Exercise aim —
Please give back word for word the lines of the material below between the line containing "v \<Longrightarrow> snd" and the line containing "V \<Longrightarrow> up_transition", inclusive.

Material provided —
lemma neg_laplacian_side_sign_near_y:
  assumes "v \<in> Vy"
  shows "- laplacian E side_sign v = kappa"
proof -
  define a where "a = \<phi> v"
  have "v \<in> V" using assms unfolding near_side_def by simp
  have "a \<in> Vx" and "\<phi> a = v" using phi_near_y[OF assms] phi_phi[OF \<open>v \<in> V\<close>] unfolding a_def by auto
  then have "E a v" using edge_phi_near by metis
  have "- laplacian E side_sign v = (\<Sum>w\<in>nbhd E v. 1 - side_sign w)"
    unfolding laplacian_def side_sign_near_y[OF assms] by (simp add: sum_negf[symmetric])
  also have "\<dots> = (1 - side_sign a) + (\<Sum>w\<in>nbhd E a \<inter> nbhd E v. 1 - side_sign w)
      + (\<Sum>w\<in>outer_nbhd a v. 1 - side_sign w)"
    by (rule sum_nbhd_split[OF \<open>E a v\<close>])
  also have "\<dots> = 2 + (\<Sum>w\<in>nbhd E a \<inter> nbhd E v. 1) + 0"
    using side_sign_near_x[OF \<open>a \<in> Vx\<close>] side_sign_equi side_sign_near_y
      common_nbhd_subset_equi[OF \<open>a \<in> Vx\<close>] outer_nbhd_subset_near_y[OF assms]
    unfolding \<open>\<phi> a = v\<close> a_def[symmetric]
    by (intro arg_cong2[where f="(+)"] sum.neutral sum.cong) auto
  also have "\<dots> = kappa" using kappa_eq_card_common_nbhd[OF \<open>E a v\<close>] by simp
  finally show ?thesis .
qed

lemma neg_laplacian_side_sign:
  assumes "v \<in> V"
  shows "- laplacian E side_sign v = kappa * side_sign v"
  using assms
proof (cases rule: side_cases)
  case 1
  then have "- laplacian E side_sign v = laplacian E side_sign (\<phi> v)"
    using laplacian_side_sign_phi[OF assms] by simp
  then show ?thesis
    using neg_laplacian_side_sign_near_y[OF phi_near_x[OF 1]] side_sign_near_x[OF 1] by simp
next
  case 2
  then show ?thesis using neg_laplacian_side_sign_near_y side_sign_near_y by simp
next
  case 3
  then show ?thesis using laplacian_side_sign_phi[OF assms] phi_fixes_equi side_sign_equi by simp
qed
lemma seq_map_down_preserved:
  assumes "finite V" "distinct pi"
    and "fst (seq_map m V E pi s) \<le> fst s"
  shows "fst (seq_map m V E pi (seq_map m V E pi s)) \<le> fst (seq_map m V E pi s)"
proof -
  have "\<forall>u. fst (fold (local_map m V E) pi s) u \<ge> fst (fold (local_map m V E) pi (seq_map m V E pi s)) u"
  proof (rule fold_local_map_rel[where R = "(\<ge>)" and a = s, OF \<open>distinct pi\<close>])
    show "\<forall>u. fst s u \<ge> fst (seq_map m V E pi s) u" using assms(3) by (simp add: le_fun_def)
  next
    fix a b :: "'a xstate" and v
    assume "\<forall>u. fst a u \<ge> fst b u"
    then show "fst b v = fst (local_map m V E v a) v \<Longrightarrow> snd b v = snd (local_map m V E v a) v \<Longrightarrow>
        fst (local_map m V E v a) v \<ge> fst (local_map m V E v b) v"
      using local_map_self_mono_down[OF \<open>finite V\<close>] by (simp add: le_fun_def)
  qed (simp add: seq_map_def)
  then show ?thesis by (simp add: seq_map_def le_fun_def)
qed

lemma funpow_step_invariant:
  assumes "P s (f s)" and "\<And>q. P q (f q) \<Longrightarrow> P (f q) (f (f q))"
  shows "P ((f ^^ t) s) ((f ^^ Suc t) s)"
  by (induction t) (simp_all add: assms)

lemma seq_map_notin: "set pi = V \<Longrightarrow> u \<notin> V \<Longrightarrow> fst (seq_map m V E pi s) u = fst s u"
  using fold_local_map_notin by (metis seq_map_def)

lemma up_transition_seq_map_iff:
  "set pi = V \<Longrightarrow> up_transition V s (seq_map m V E pi s) \<longleftrightarrow> fst s \<le> fst (seq_map m V E pi s)"
  unfolding up_transition_def le_fun_def le_bool_def by (metis seq_map_notin)
lemma integral_mixed_diff_nonneg_same_distr:
  fixes T a b :: "'a \<Rightarrow> 'b::euclidean_space" and f :: "'b \<Rightarrow> real"
  assumes [measurable]: "T \<in> borel_measurable M" "a \<in> borel_measurable M" "b \<in> borel_measurable M"
      "f \<in> borel_measurable borel"
    and same_distr: "distr M (borel \<Otimes>\<^sub>M borel) (\<lambda>\<omega>. (T \<omega>, a \<omega>))
                   = distr M (borel \<Otimes>\<^sub>M borel) (\<lambda>\<omega>. (T \<omega>, b \<omega>))"
    and mixed_diff_nonneg: "AE \<omega> in M. mixed_diff f (T \<omega>) (a \<omega>) (b \<omega>) \<ge> 0"
    and int_T: "integrable M (\<lambda>\<omega>. f (T \<omega>))"
    and int_Ta: "integrable M (\<lambda>\<omega>. f (T \<omega> + a \<omega>))"
    and int_Tab: "integrable M (\<lambda>\<omega>. f (T \<omega> + a \<omega> + b \<omega>))"
  shows "(\<integral>\<omega>. f (T \<omega>) \<partial>M) + (\<integral>\<omega>. f (T \<omega> + a \<omega> + b \<omega>) \<partial>M) - 2 * (\<integral>\<omega>. f (T \<omega> + a \<omega>) \<partial>M) \<ge> 0"
proof -
  have f_add [measurable]: "(\<lambda>p. f (fst p + snd p)) \<in> borel_measurable (borel \<Otimes>\<^sub>M borel)"
    by measurable
  have pair_a: "(\<lambda>\<omega>. (T \<omega>, a \<omega>)) \<in> M \<rightarrow>\<^sub>M borel \<Otimes>\<^sub>M borel"
    and pair_b: "(\<lambda>\<omega>. (T \<omega>, b \<omega>)) \<in> M \<rightarrow>\<^sub>M borel \<Otimes>\<^sub>M borel"
    by measurable
  have int_Tb: "integrable M (\<lambda>\<omega>. f (T \<omega> + b \<omega>))"
    using int_Ta integrable_distr_eq[OF pair_a f_add] integrable_distr_eq[OF pair_b f_add] same_distr
    by simp
  have swap: "(\<integral>\<omega>. f (T \<omega> + b \<omega>) \<partial>M) = (\<integral>\<omega>. f (T \<omega> + a \<omega>) \<partial>M)"
    using integral_distr[OF pair_a f_add] integral_distr[OF pair_b f_add] same_distr by simp
  have "0 \<le> (\<integral>\<omega>. mixed_diff f (T \<omega>) (a \<omega>) (b \<omega>) \<partial>M)"
    using mixed_diff_nonneg by (rule integral_nonneg_AE)
  also have "\<dots> = (\<integral>\<omega>. f (T \<omega> + a \<omega> + b \<omega>) \<partial>M) - (\<integral>\<omega>. f (T \<omega> + a \<omega>) \<partial>M)
      - (\<integral>\<omega>. f (T \<omega> + b \<omega>) \<partial>M) + (\<integral>\<omega>. f (T \<omega>) \<partial>M)"
    unfolding mixed_diff_def using int_T int_Ta int_Tb int_Tab by simp
  finally show ?thesis using swap by simp
qed

lemma (in prob_space) indep_var_sum_other:
  fixes X :: "'i \<Rightarrow> 'a \<Rightarrow> 'b::euclidean_space"
  assumes indep: "indep_vars (\<lambda>_. borel) X UNIV" and "finite I" "i \<notin> I"
  shows "indep_var borel (\<lambda>\<omega>. \<Sum>j\<in>I. X j \<omega>) borel (X i)"
proof -
  have "indep_var
    borel ((\<lambda>g. \<Sum>j\<in>I. g j) \<circ> (\<lambda>\<omega>. restrict (\<lambda>j. X j \<omega>) I))
    borel ((\<lambda>g. g i) \<circ> (\<lambda>\<omega>. restrict (\<lambda>j. X j \<omega>) {i}))"
    using assms by (intro indep_var_compose[OF indep_var_restrict[OF indep]]) auto
  also have "(\<lambda>g. g i) \<circ> (\<lambda>\<omega>. restrict (\<lambda>j. X j \<omega>) {i}) = X i"
    by auto
  also have "(\<lambda>g. \<Sum>j\<in>I. g j) \<circ> (\<lambda>\<omega>. restrict (\<lambda>j. X j \<omega>) I) = (\<lambda>\<omega>. \<Sum>j\<in>I. X j \<omega>)"
    by (auto cong: rev_conj_cong)
  finally show ?thesis .
qed

lemma (in prob_space) distr_sum_pair_eq:
  fixes X :: "'i \<Rightarrow> 'a \<Rightarrow> 'b::euclidean_space"
  assumes indep: "indep_vars (\<lambda>_. borel) X UNIV" and I: "finite I" "i \<notin> I" "j \<notin> I"
    and same_distr: "distr M borel (X i) = distr M borel (X j)"
  shows "distr M (borel \<Otimes>\<^sub>M borel) (\<lambda>\<omega>. (\<Sum>l\<in>I. X l \<omega>, X i \<omega>))
       = distr M (borel \<Otimes>\<^sub>M borel) (\<lambda>\<omega>. (\<Sum>l\<in>I. X l \<omega>, X j \<omega>))"
proof -
  have "indep_var borel (\<lambda>\<omega>. \<Sum>l\<in>I. X l \<omega>) borel (X i)"
    and "indep_var borel (\<lambda>\<omega>. \<Sum>l\<in>I. X l \<omega>) borel (X j)"
    using I by (auto intro: indep_var_sum_other[OF indep])
  then show ?thesis
    using same_distr unfolding indep_var_distribution_eq by metis
qed

lemma signed_sum_nonneg_eq: "n \<ge> 0 \<Longrightarrow> signed_sum \<xi> n \<omega> = (\<Sum>i\<in>{1..n}. \<xi> i \<omega>)"
  by (cases "n = 0") (simp_all add: signed_sum_def)

lemma signed_sum_succ: "n \<ge> 0 \<Longrightarrow> signed_sum \<xi> (n + 1) \<omega> = signed_sum \<xi> n \<omega> + \<xi> (n + 1) \<omega>"
proof -
  assume "n \<ge> 0"
  then have "{1..n + 1} = insert (n + 1) {1..n}" by auto
  with \<open>n \<ge> 0\<close> show ?thesis by (simp add: signed_sum_nonneg_eq add.commute)
qed

lemma signed_sum_uminus: "signed_sum \<xi> (- n) \<omega> = - signed_sum \<xi> n \<omega>"
  by (simp add: signed_sum_def sgn_minus)

lemma signed_sum_measurable [measurable]:
  "(\<And>i. \<xi> i \<in> borel_measurable M) \<Longrightarrow> signed_sum \<xi> n \<in> borel_measurable M"
  unfolding signed_sum_def by measurable

lemma gfun_eq_integral: "prob_space M \<Longrightarrow> gfun M \<xi> f n = (\<integral>\<omega>. f (signed_sum \<xi> n \<omega>) \<partial>M)"
  by (simp add: gfun_def signed_sum_def prob_space.prob_space)

lemma gfun_reflect: "gfun M \<xi> (\<lambda>x. f (- x)) n = gfun M \<xi> f (- n)"
  by (simp add: gfun_def signed_sum_uminus)

lemma gfun_second_difference_nonneg_pos:
  fixes \<xi> :: "int \<Rightarrow> 'a \<Rightarrow> real ^ 'k" and f :: "real ^ 'k \<Rightarrow> real"
  assumes "prob_space M"
    and meas: "\<And>i. \<xi> i \<in> borel_measurable M"
    and indep: "prob_space.indep_vars M (\<lambda>_. borel) \<xi> UNIV"
    and ident: "\<And>i j. distr M borel (\<xi> i) = distr M borel (\<xi> j)"
    and nonneg: "\<And>i \<omega> c. \<omega> \<in> space M \<Longrightarrow> \<xi> i \<omega> $ c \<ge> 0"
    and dc: "dir_convex f"
    and finite_exp: "\<And>m. m \<in> {n - 1, n, n + 1} \<Longrightarrow> m \<noteq> 0 \<Longrightarrow>
                       integrable M (\<lambda>\<omega>. f (signed_sum \<xi> m \<omega>))"
    and "n > 0"
  shows "gfun M \<xi> f (n - 1) + gfun M \<xi> f (n + 1) - 2 * gfun M \<xi> f n \<ge> 0"
proof -
  interpret prob_space M by fact
  define T where "T = signed_sum \<xi> (n - 1)"
  have T_a: "signed_sum \<xi> n \<omega> = T \<omega> + \<xi> n \<omega>" for \<omega>
    using signed_sum_succ[of "n - 1" \<xi> \<omega>] \<open>n > 0\<close> by (simp add: T_def)
  have T_a_b: "signed_sum \<xi> (n + 1) \<omega> = T \<omega> + \<xi> n \<omega> + \<xi> (n + 1) \<omega>" for \<omega>
    using signed_sum_succ[of n \<xi> \<omega>] T_a \<open>n > 0\<close> by simp
  have integrable: "integrable M (\<lambda>\<omega>. f (signed_sum \<xi> m \<omega>))" if "m \<in> {n - 1, n, n + 1}" for m
    using finite_exp[OF that] by (cases "m = 0") (simp_all add: signed_sum_def)
  have "distr M (borel \<Otimes>\<^sub>M borel) (\<lambda>\<omega>. (\<Sum>l\<in>{1..n - 1}. \<xi> l \<omega>, \<xi> n \<omega>))
      = distr M (borel \<Otimes>\<^sub>M borel) (\<lambda>\<omega>. (\<Sum>l\<in>{1..n - 1}. \<xi> l \<omega>, \<xi> (n + 1) \<omega>))"
    using indep ident by (intro distr_sum_pair_eq) auto
  then have same_distr: "distr M (borel \<Otimes>\<^sub>M borel) (\<lambda>\<omega>. (T \<omega>, \<xi> n \<omega>))
      = distr M (borel \<Otimes>\<^sub>M borel) (\<lambda>\<omega>. (T \<omega>, \<xi> (n + 1) \<omega>))"
    using \<open>n > 0\<close> by (simp add: T_def signed_sum_nonneg_eq)
  have "T \<in> borel_measurable M" "f \<in> borel_measurable borel"
    using meas dc unfolding T_def dir_convex_def by (simp_all add: signed_sum_measurable)
  moreover have "integrable M (\<lambda>\<omega>. f (T \<omega>))"
    and "integrable M (\<lambda>\<omega>. f (T \<omega> + \<xi> n \<omega>))"
    and "integrable M (\<lambda>\<omega>. f (T \<omega> + \<xi> n \<omega> + \<xi> (n + 1) \<omega>))"
    using integrable[of "n - 1"] integrable[of n] integrable[of "n + 1"]
    by (simp_all add: T_def[symmetric] T_a T_a_b)
  ultimately have "(\<integral>\<omega>. f (T \<omega>) \<partial>M) + (\<integral>\<omega>. f (T \<omega> + \<xi> n \<omega> + \<xi> (n + 1) \<omega>) \<partial>M)
      - 2 * (\<integral>\<omega>. f (T \<omega> + \<xi> n \<omega>) \<partial>M) \<ge> 0"
    using meas same_distr dc nonneg
    by (intro integral_mixed_diff_nonneg_same_distr AE_I2 dir_convex_mixed_diff_nonneg) auto
  then show ?thesis
    using T_a T_a_b by (simp add: gfun_eq_integral[OF \<open>prob_space M\<close>] T_def)
qed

Exercise output —
    then show "fst b v = fst (local_map m V E v a) v \<Longrightarrow> snd b v = snd (local_map m V E v a) v \<Longrightarrow>
        fst (local_map m V E v a) v \<ge> fst (local_map m V E v b) v"
      using local_map_self_mono_down[OF \<open>finite V\<close>] by (simp add: le_fun_def)
  qed (simp add: seq_map_def)
  then show ?thesis by (simp add: seq_map_def le_fun_def)
qed

lemma funpow_step_invariant:
  assumes "P s (f s)" and "\<And>q. P q (f q) \<Longrightarrow> P (f q) (f (f q))"
  shows "P ((f ^^ t) s) ((f ^^ Suc t) s)"
  by (induction t) (simp_all add: assms)

lemma seq_map_notin: "set pi = V \<Longrightarrow> u \<notin> V \<Longrightarrow> fst (seq_map m V E pi s) u = fst s u"
  using fold_local_map_notin by (metis seq_map_def)

lemma up_transition_seq_map_iff:
  "set pi = V \<Longrightarrow> up_transition V s (seq_map m V E pi s) \<longleftrightarrow> fst s \<le> fst (seq_map m V E pi s)"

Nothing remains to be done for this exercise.